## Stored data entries
lemma inner_energy_deriv:
  assumes "t\<^sup>2 \<le> 1"
  shows "(inner_energy has_real_derivative
    2 * t * (f' t)\<^sup>2 / (chi - c\<^sup>2 * t\<^sup>2) + 2 * c\<^sup>2 * t * (1 - t\<^sup>2) * (f' t)\<^sup>2 / (chi - c\<^sup>2 * t\<^sup>2)\<^sup>2) (at t)"
proof -
  define r where "r = chi - c\<^sup>2 * t\<^sup>2"
  have "r \<noteq> 0" using potential_pos[OF assms] by (simp add: r_def)
  have "(1 - t\<^sup>2) * f'' t = 2 * t * f' t - r * f t" using ode[of t] by (simp add: r_def)
  have numerator: "((\<lambda>t. (1 - t\<^sup>2) * (f' t)\<^sup>2) has_real_derivative 2 * t * (f' t)\<^sup>2 - 2 * r * f t * f' t) (at t)"
    by (rule derivative_eq_intros refl f'_deriv)+
      (simp add: power2_eq_square, insert \<open>(1 - t\<^sup>2) * f'' t = 2 * t * f' t - r * f t\<close>, algebra)
  have denominator: "((\<lambda>t. chi - c\<^sup>2 * t\<^sup>2) has_real_derivative - 2 * c\<^sup>2 * t) (at t)"
    by (rule derivative_eq_intros refl)+ simp
  have square: "((\<lambda>t. (f t)\<^sup>2) has_real_derivative 2 * f t * f' t) (at t)"
    by (rule derivative_eq_intros refl f_deriv)+ simp
  have "(inner_energy has_real_derivative 2 * f t * f' t +
      ((2 * t * (f' t)\<^sup>2 - 2 * r * f t * f' t) * r - - 2 * c\<^sup>2 * t * ((1 - t\<^sup>2) * (f' t)\<^sup>2)) / r\<^sup>2) (at t)"
    unfolding inner_energy_def r_def
    using DERIV_add[OF square DERIV_quotient[OF numerator denominator]] \<open>r \<noteq> 0\<close>
    by (simp add: r_def power2_eq_square)
  then show ?thesis
    using \<open>r \<noteq> 0\<close> unfolding r_def[symmetric] by (simp add: field_simps power2_eq_square)
qed

lemma inner_energy_mono:
  assumes "0 \<le> s" "s \<le> t" "t \<le> 1"
  shows "inner_energy s \<le> inner_energy t"
proof (rule DERIV_nonneg_imp_nondecreasing[OF assms(2)])
  fix x assume x: "s \<le> x" "x \<le> t"
  then have "x\<^sup>2 \<le> 1" "0 \<le> x" using assms by (auto simp: power_le_one)
  then have "0 \<le> 2 * x * (f' x)\<^sup>2 / (chi - c\<^sup>2 * x\<^sup>2) +
      2 * c\<^sup>2 * x * (1 - x\<^sup>2) * (f' x)\<^sup>2 / (chi - c\<^sup>2 * x\<^sup>2)\<^sup>2"
    using potential_pos[of x] by (intro add_nonneg_nonneg divide_nonneg_nonneg mult_nonneg_nonneg) auto
  then show "\<exists>d. (inner_energy has_real_derivative d) (at x) \<and> 0 \<le> d"
    using inner_energy_deriv[OF \<open>x\<^sup>2 \<le> 1\<close>] by blast
qed

lemma vanishing_on_right_half:
  assumes "f 1 = 0" "0 \<le> t" "t < 1"
  shows "f t = 0" "f' t = 0"
proof -
  have "0 < chi - c\<^sup>2 * t\<^sup>2" "0 < 1 - t\<^sup>2"
    using potential_pos[of t] assms(2,3) by (simp_all add: power_le_one abs_square_less_1)
  then have weighted: "0 \<le> (1 - t\<^sup>2) * (f' t)\<^sup>2 / (chi - c\<^sup>2 * t\<^sup>2)" by simp
  have "inner_energy t \<le> 0" using inner_energy_mono[of t 1] assms by (simp add: inner_energy_def)
  then have "(f t)\<^sup>2 = 0" "(1 - t\<^sup>2) * (f' t)\<^sup>2 / (chi - c\<^sup>2 * t\<^sup>2) = 0"
    using weighted zero_le_power2[of "f t"] unfolding inner_energy_def by linarith+
  then show "f t = 0" "f' t = 0"
    using \<open>0 < 1 - t\<^sup>2\<close> \<open>0 < chi - c\<^sup>2 * t\<^sup>2\<close> by simp_all
qed

lemma vanishing_on_unit_interval:
  assumes "f 1 = 0" "-1 < t" "t < 1"
  shows "f t = 0"
proof (cases "0 \<le> t")
  case True
  then show ?thesis using vanishing_on_right_half assms by blast
next
  case False
  have "energy t \<le> energy 0"
  proof (rule DERIV_nonneg_imp_nondecreasing[of t 0 energy])
    fix x assume x: "t \<le> x" "x \<le> 0"
    then have "\<bar>x\<bar> \<le> 1" using assms(2) by simp
    then have "x\<^sup>2 \<le> 1" by (simp add: abs_square_le_1)
    then have "2 * c\<^sup>2 * x\<^sup>2 - c\<^sup>2 - chi \<le> 0"
      using chi_gt mult_left_le[of "x\<^sup>2" "c\<^sup>2"] by simp
    then have "0 \<le> 2 * x * (2 * c\<^sup>2 * x\<^sup>2 - c\<^sup>2 - chi) * (f x)\<^sup>2"
      using x by (simp add: mult_nonpos_nonpos)
    then show "\<exists>d. (energy has_real_derivative d) (at x) \<and> 0 \<le> d" using energy_deriv by blast
  qed (use False in simp)
  also have "energy 0 = 0"
    using vanishing_on_right_half[OF assms(1), of 0] by (simp add: energy_def)
  finally have "(1 - t\<^sup>2) * (chi - c\<^sup>2 * t\<^sup>2) * (f t)\<^sup>2 \<le> 0"
    unfolding energy_def by (smt (verit) zero_le_power2)
  moreover have "t\<^sup>2 < 1" using assms(2,3) by (simp add: abs_square_less_1 abs_less_iff)
  then have "0 < (1 - t\<^sup>2) * (chi - c\<^sup>2 * t\<^sup>2)" using potential_pos[of t] by simp
  ultimately have "(f t)\<^sup>2 \<le> 0"
    using mult_le_cancel_left_pos[of "(1 - t\<^sup>2) * (chi - c\<^sup>2 * t\<^sup>2)" "(f t)\<^sup>2" 0] by simp
  then show ?thesis by simp
qed

lemma integral_square_eq_0_if_vanishes_at_1:
  assumes "f 1 = 0"
  shows "integral {-1..1} (\<lambda>t. f t * f t) = 0"
proof -
  have "integral {-1..1} (\<lambda>t. f t * f t) = integral {-1<..<1} (\<lambda>t. f t * f t)"
    by (rule integral_open_interval_real)
  also have "\<dots> = integral {-1<..<1} (\<lambda>t::real. 0)"
    by (rule Henstock_Kurzweil_Integration.integral_cong) (use vanishing_on_unit_interval[OF assms] in auto)
  finally show ?thesis by simp
qed

lemma picone_quotient_deriv:
  assumes "f t \<noteq> 0" "(v has_real_derivative v') (at t)"
  shows "((\<lambda>t. (v t)\<^sup>2 * ((t\<^sup>2 - 1) * f' t) / f t) has_real_derivative
    2 * v t * v' * (t\<^sup>2 - 1) * f' t / f t + (chi - c\<^sup>2 * t\<^sup>2) * (v t)\<^sup>2
      - (t\<^sup>2 - 1) * (v t)\<^sup>2 * (f' t)\<^sup>2 / (f t)\<^sup>2) (at t)"
proof -
  define p where "p = t\<^sup>2 - 1"
  define r where "r = chi - c\<^sup>2 * t\<^sup>2"
  have "((\<lambda>t. (v t)\<^sup>2) has_real_derivative 2 * v t * v') (at t)"
    by (rule derivative_eq_intros assms(2) refl)+ simp
  from DERIV_quotient[OF DERIV_mult[OF this flux_deriv] f_deriv assms(1)]
  have "((\<lambda>t. (v t)\<^sup>2 * ((t\<^sup>2 - 1) * f' t) / f t) has_real_derivative
      ((2 * v t * v' * (p * f' t) + r * f t * (v t)\<^sup>2) * f t - f' t * ((v t)\<^sup>2 * (p * f' t))) / (f t)\<^sup>2) (at t)"
    unfolding p_def r_def by (simp only: numeral_2_eq_2)
  moreover have "((2 * v t * v' * (p * f' t) + r * f t * (v t)\<^sup>2) * f t - f' t * ((v t)\<^sup>2 * (p * f' t))) / (f t)\<^sup>2
      = 2 * v t * v' * p * f' t / f t + r * (v t)\<^sup>2 - p * (v t)\<^sup>2 * (f' t)\<^sup>2 / (f t)\<^sup>2"
    using assms(1) by (simp add: field_simps power2_eq_square)
  ultimately show ?thesis by (simp add: p_def r_def)
qed
lemma occ_eq_walk_occ:
  assumes "length v = N" "length x \<le> N"
  shows "occ (v @ u) x = walk_occ N (mset (dbwalk N v u)) (last (dbwalk N v u)) x"
proof -
  define w where "w = v @ u"
  have w: "length w = N + length u" using assms(1) by (simp add: w_def)
  let ?P = "\<lambda>i. take (length x) (drop i w) = x"
  let ?A = "{i. i \<le> length u \<and> ?P i}"
  let ?B = "{i. length u < i \<and> i + length x \<le> length w \<and> ?P i}"
  have "{i. i + length x \<le> length w \<and> ?P i} = ?A \<union> ?B"
    using w assms(2) by auto
  moreover have "finite ?A" "finite ?B" "?A \<inter> ?B = {}"
    by (auto intro: finite_subset[of _ "{..length w}"])
  ultimately have "occ w x = card ?A + card ?B"
    by (simp add: occ_eq_card_positions card_Un_disjoint)
  moreover have "card ?A = size (filter_mset (\<lambda>y. take (length x) y = x) (mset (dbwalk N v u)))"
    unfolding dbwalk_eq_windows[OF assms(1)] w_def[symmetric]
    by (rule card_prefix_positions_eq_count_windows[OF assms(2)])
  moreover have "card ?B = card {j. 0 < j \<and> j + length x \<le> N \<and> take (length x) (drop j (last (dbwalk N v u))) = x}"
  proof -
    have "drop (length u) w = last (dbwalk N v u)" using assms(1) by (simp add: w_def last_dbwalk)
    then show ?thesis
      using card_positions_shift[of "length u" "length x" w "\<lambda>y. take (length x) y = x"] w by simp
  qed
  ultimately show ?thesis unfolding walk_occ_def w_def[symmetric] by simp
qed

## YOUR GOAL
Each line above with the string "thesis" should be reported in full.

## TASK RESULT
  then show ?thesis
  then show ?thesis using vanishing_on_right_half assms by blast
  then show ?thesis by simp
  finally show ?thesis by simp
  ultimately show ?thesis by (simp add: p_def r_def)
    then show ?thesis
  ultimately show ?thesis unfolding walk_occ_def w_def[symmetric] by simp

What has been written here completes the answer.